No security scanner detected the compromise. Rather, an unintentional bug caused CPU saturation and OOM kills. A developer testing a Cursor MCP plugin observed the crash and traced it to the malicious package. Without that implementation error, detection would probably have come much later.

TeamPCP understands AI infrastructure economics. LiteLLM operates in the request path between enterprises and every LLM provider – OpenAI, Anthropic, Azure, internal models.

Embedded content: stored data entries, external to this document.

lemma sum_tent: "(\<Sum>j=1..2 * t. min j (2 * t + 1 - j)) = t * (t + 1 :: nat)"
proof -
  have "(\<Sum>j=1..2 * t. min j (2 * t + 1 - j)) = (\<Sum>q<t. q + 1) + (\<Sum>q<t. t - q)"
    unfolding One_nat_def sum.atLeast1_atMost_eq mult_2 sum_lessThan_add by simp
  also have "(\<Sum>q<t. t - q) = (\<Sum>q<t. q + 1)"
    using sum.nat_diff_reindex[of "\<lambda>q. q + 1" t] by (simp add: Suc_diff_Suc)
  finally show ?thesis using double_sum_lessThan_Suc[of t] by simp
qed

definition pos_trans :: "nat \<Rightarrow> nat \<Rightarrow> pos \<Rightarrow> nat" where
  "pos_trans N m s = pos_dist N m s PA + pos_dist N m s PF + (\<Sum>h\<le>N. pos_dist N m s (PD h))
     + (\<Sum>h\<le>N. pos_dist N m s (PE h)) + (\<Sum>j=1..m. pos_dist N m s (PQ j))"

lemma sum_G4_verts:
  "(\<Sum>v\<in>G4_verts n m. g v) = g VA + g VB + g VC + g VD + g VE + g VF
     + (\<Sum>i=1..n. g (P1 i)) + (\<Sum>i=1..n. g (P2 i)) + (\<Sum>j=1..m. g (P3 j))"
proof -
  have V: "G4_verts n m = {VA, VB, VC, VD, VE, VF} \<union> (P1 ` {1..n} \<union> (P2 ` {1..n} \<union> P3 ` {1..m}))"
    unfolding G4_verts_def by auto
  have "(\<Sum>v\<in>G4_verts n m. g v) = (\<Sum>v\<in>{VA, VB, VC, VD, VE, VF}. g v) + ((\<Sum>v\<in>P1 ` {1..n}. g v)
     + ((\<Sum>v\<in>P2 ` {1..n}. g v) + (\<Sum>v\<in>P3 ` {1..m}. g v)))"
    unfolding V by (subst sum.union_disjoint; (subst sum.union_disjoint)?; (subst sum.union_disjoint)?; auto)
  then show ?thesis by (simp add: sum.reindex inj_on_def add.assoc)
qed
lemma barrier_solution_exists:
  assumes k: "0 < k" "k \<le> 1" and unbounded: "\<And>B. \<exists>y\<ge>xs. B \<le> g1 y"
  shows "\<exists>lo hi. barrier_solution g k lo hi"
proof -
  define F where "F y = g (lower_barrier k y) - (1 - k) * g y" for y
  obtain b where b: "xs \<le> b" "xs \<le> lower_barrier k b"
    using lower_barrier_reaches_xs[OF k unbounded] by blast
  have "0 \<le> F b"
    using g_lower_barrier_gt_convex[OF k(1) _ b(2)] b xs_pos unfolding F_def by simp
  obtain a where a: "xs \<le> a" "a \<le> b" "0 \<le> lower_barrier k a" "F a \<le> 0"
  proof (cases "0 \<le> lower_barrier k xs")
    case True
    then show thesis
      using that[of xs] g_lower_barrier_lt_concave[OF k(1) xs_pos] b unfolding F_def by simp
  next
    case False
    then obtain a where "xs \<le> a" "a \<le> b" "lower_barrier k a = 0"
      using IVT'[of "lower_barrier k" xs 0 b] b xs_pos lower_barrier_continuous_on[OF xs_pos]
      by auto
    then show thesis
      using that[of a] g_pos[of a] g_0 k xs_pos unfolding F_def by simp
  qed
  have lower_barrier_nonneg: "0 \<le> lower_barrier k y" if "a \<le> y" for y
    using lower_barrier_mono[OF k a(1) that] a(3) by simp
  have "continuous_on {a..b} F"
    unfolding F_def using a(1) xs_pos lower_barrier_nonneg
    by (intro continuous_intros continuous_on_compose2[OF g_cont]
        continuous_on_subset[OF g_cont] lower_barrier_continuous_on) auto
  then obtain y where "a \<le> y" "F y = 0"
    using IVT'[of F a 0 b] a \<open>0 \<le> F b\<close> by auto
  then have "barrier_solution g k (lower_barrier k y) y"
    using barrier_solution_lower_barrier[OF k(1)] lower_barrier_nonneg a(1) xs_pos
    unfolding F_def by simp
  then show ?thesis
    by blast
qed
theorem convergence_rate:
  "f (x k) - (INF z\<in>X. f z) \<le> (1 - sqrt (\<kappa> / L)) ^ k * (2 * (f (x 0) - (INF z\<in>X. f z)))"
proof (cases "\<kappa> \<le> L")
  case True
  have "f (x k) - f xstar \<le> lyapunov k"
    using \<kappa>_pos by (simp add: lyapunov_def)
  also have "\<dots> \<le> (1 - rate) ^ k * lyapunov 0"
    by (rule lyapunov_le[OF True])
  also have "\<dots> \<le> (1 - rate) ^ k * (2 * (f (x 0) - f xstar))"
    using lyapunov_0_le rate_le_one[OF True] by (intro mult_left_mono) auto
  finally show ?thesis by (simp add: Inf_eq_f_xstar rate_def)
next
  case False
  then show ?thesis
    using f_x_eq_f_xstar_if_lipschitz_less by (simp add: Inf_eq_f_xstar)
qed

end

theorem theorem14:
  fixes X :: "'a::euclidean_space set"
    and f :: "'a \<Rightarrow> real" and g :: "'a \<Rightarrow> 'a"
    and L \<kappa> :: real and x y :: "nat \<Rightarrow> 'a"
  assumes X_ne: "X \<noteq> {}" and X_closed: "closed X" and X_convex: "convex X"
    and f_convex: "convex_on X f"
    and f_grad: "\<And>z. z \<in> X \<Longrightarrow> (f has_derivative (\<lambda>h. g z \<bullet> h)) (at z within X)"
    and g_cont: "continuous_on X g"
    and L_pos: "L > 0"
    and g_lip: "\<And>u v. u \<in> X \<Longrightarrow> v \<in> X \<Longrightarrow> norm (g u - g v) \<le> L * norm (u - v)"
    and bdd: "bdd_below (f ` X)"
    and opt_ne: "optset X f \<noteq> {}" and opt_closed: "closed (optset X f)"
    and \<kappa>_pos: "\<kappa> > 0"
    and qsc: "quasi_strongly_convex X f g \<kappa>"
    and x0: "x 0 \<in> X" and y0: "y 0 = x 0"
    and x_step: "\<And>k. x (Suc k) = proj X (y k - (1 / L) *\<^sub>R g (y k))"
    and y_step: "\<And>k. y (Suc k) = x (Suc k) +
          ((sqrt L - sqrt \<kappa>) / (sqrt L + sqrt \<kappa>)) *\<^sub>R (x (Suc k) - x k)"
    and y_in: "\<And>k. y k \<in> X"
    and y_proj: "\<And>k. proj (optset X f) (y k) = proj (optset X f) (y 0)"
  shows "\<forall>k. f (x k) - (INF z\<in>X. f z)
           \<le> (1 - sqrt (\<kappa> / L)) ^ k * (2 * (f (x 0) - (INF z\<in>X. f z)))"
proof -
  interpret fast_gradient_method X f g L \<kappa> x y
    by (rule fast_gradient_method.intro) (fact assms)+
  show ?thesis using convergence_rate by blast
qed

end
lemma exp_tail_le:
  fixes l a K q x :: real
  assumes "0 \<le> l" and "0 < a" and "0 < K" and "\<bar>x\<bar> \<le> K" and "0 < q" and "q \<le> real M"
  shows "exp (l * x) - (\<Sum>k<M. (l * x) ^ k / fact k) \<le> \<bar>x\<bar> powr q *
           (a powr (-q) * (exp (l * a) - (\<Sum>k<M. (l * a) ^ k / fact k))
            + max 0 (1 - a / K) * K powr (-q) * ((l * K) ^ M / fact (M - 1) * exp (l * K)))"
proof -
  define R where "R = max 0 (1 - a / K)"
  define T where "T = (\<Sum>j. (j + M) * (l * K) ^ (j + M) / fact (j + M))"
  have "0 < M"
    using assms by linarith
  have "0 \<le> l * K"
    using assms by simp
  note T = weighted_exp_tail_le[OF this \<open>0 < M\<close>, folded T_def]
  have term_le: "(l * x) ^ k / fact k \<le> \<bar>x\<bar> powr q *
      (a powr (-q) * ((l * a) ^ k / fact k) + R * K powr (-q) * (k * (l * K) ^ k / fact k))"
    if "M \<le> k" for k
  proof -
    have "(l * x) ^ k / fact k
        \<le> \<bar>x\<bar> powr q * (a powr (-q) * (l * a) ^ k + R * K powr (-q) * (k * (l * K) ^ k)) / fact k"
      using power_le_tail_majorant[OF assms(1-5), of k] assms(6) that unfolding R_def
      by (intro divide_right_mono) auto
    then show ?thesis
      by (simp add: field_simps)
  qed
  have sums: "(\<lambda>j. \<bar>x\<bar> powr q * (a powr (-q) * ((l * a) ^ (j + M) / fact (j + M))
           + R * K powr (-q) * ((j + M) * (l * K) ^ (j + M) / fact (j + M))))
        sums (\<bar>x\<bar> powr q * (a powr (-q) * (exp (l * a) - (\<Sum>k<M. (l * a) ^ k / fact k)) + R * K powr (-q) * T))"
    using summable_sums[OF T(1)] unfolding T_def by (intro sums_mult sums_add exp_tail_sums)
  have "exp (l * x) - (\<Sum>k<M. (l * x) ^ k / fact k)
      \<le> \<bar>x\<bar> powr q * (a powr (-q) * (exp (l * a) - (\<Sum>k<M. (l * a) ^ k / fact k)) + R * K powr (-q) * T)"
    by (rule sums_le[OF _ exp_tail_sums sums]) (rule term_le, simp)
  also have "\<dots> \<le> \<bar>x\<bar> powr q * (a powr (-q) * (exp (l * a) - (\<Sum>k<M. (l * a) ^ k / fact k))
      + R * K powr (-q) * ((l * K) ^ M / fact (M - 1) * exp (l * K)))"
    using T(2) \<open>0 < M\<close> assms by (intro mult_left_mono add_left_mono) (auto simp: R_def)
  finally show ?thesis
    by (simp add: R_def)
qed

section \<open>A majorant of the exponential and the Chernoff bound\<close>

text \<open>
  The majorant exp(l x) \<le> 1 + l x + quadratic_coeff l a q x^2 + moment_coeff l a K q |x|^q on
  [-K, K]: the terms of the exponential series with k \<le> q are split between x^2 and |x|^q in
  the ratio (q - k) : (k - 2), those with k > q are charged to |x|^q.
\<close>

definition quadratic_coeff :: "real \<Rightarrow> real \<Rightarrow> real \<Rightarrow> real" where
  "quadratic_coeff l a q =
     (\<Sum>k=2..<nat \<lfloor>q\<rfloor> + 1. l ^ k / fact k * ((q - k) / (q - 2) * a powr (real k - 2)))"

definition moment_coeff :: "real \<Rightarrow> real \<Rightarrow> real \<Rightarrow> real \<Rightarrow> real" where
  "moment_coeff l a K q =
     (\<Sum>k=2..<nat \<lfloor>q\<rfloor> + 1. l ^ k / fact k * ((real k - 2) / (q - 2) * a powr (real k - q)))
     + a powr (-q) * (exp (l * a) - (\<Sum>k<nat \<lfloor>q\<rfloor> + 1. (l * a) ^ k / fact k))
     + max 0 (1 - a / K) * K powr (-q) * ((l * K) ^ (nat \<lfloor>q\<rfloor> + 1) / fact (nat \<lfloor>q\<rfloor>) * exp (l * K))"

Compromising it provides API keys for downstream organizations, contents of prompts and responses traversing the gateway, and infrastructure topology of thousands of deployments.

The `.pth` file technique exploits documented Python behavior (CPython Issues #113659 and #78125) that the community considers acceptable because restricting it would break legitimate tooling. This gap will be exploited again. The failed Aqua rotation demonstrates that non-atomic rotation – windows between invalidation and reissuance – provides exploitation opportunity when an attacker maintains surveillance. The 3.5-month preparation timeline (December 2025–March 2026) indicates TeamPCP are patient, well-resourced adversaries. Infrastructure analysis connected C2s used to the AdaptixC2 framework, which is connected to Russian criminal underground actors with overlap to Akira ransomware affiliates.

Organizations using LiteLLM, Trivy, or AI gateways centralizing API credentials should apply security controls equivalent to secrets management vaults.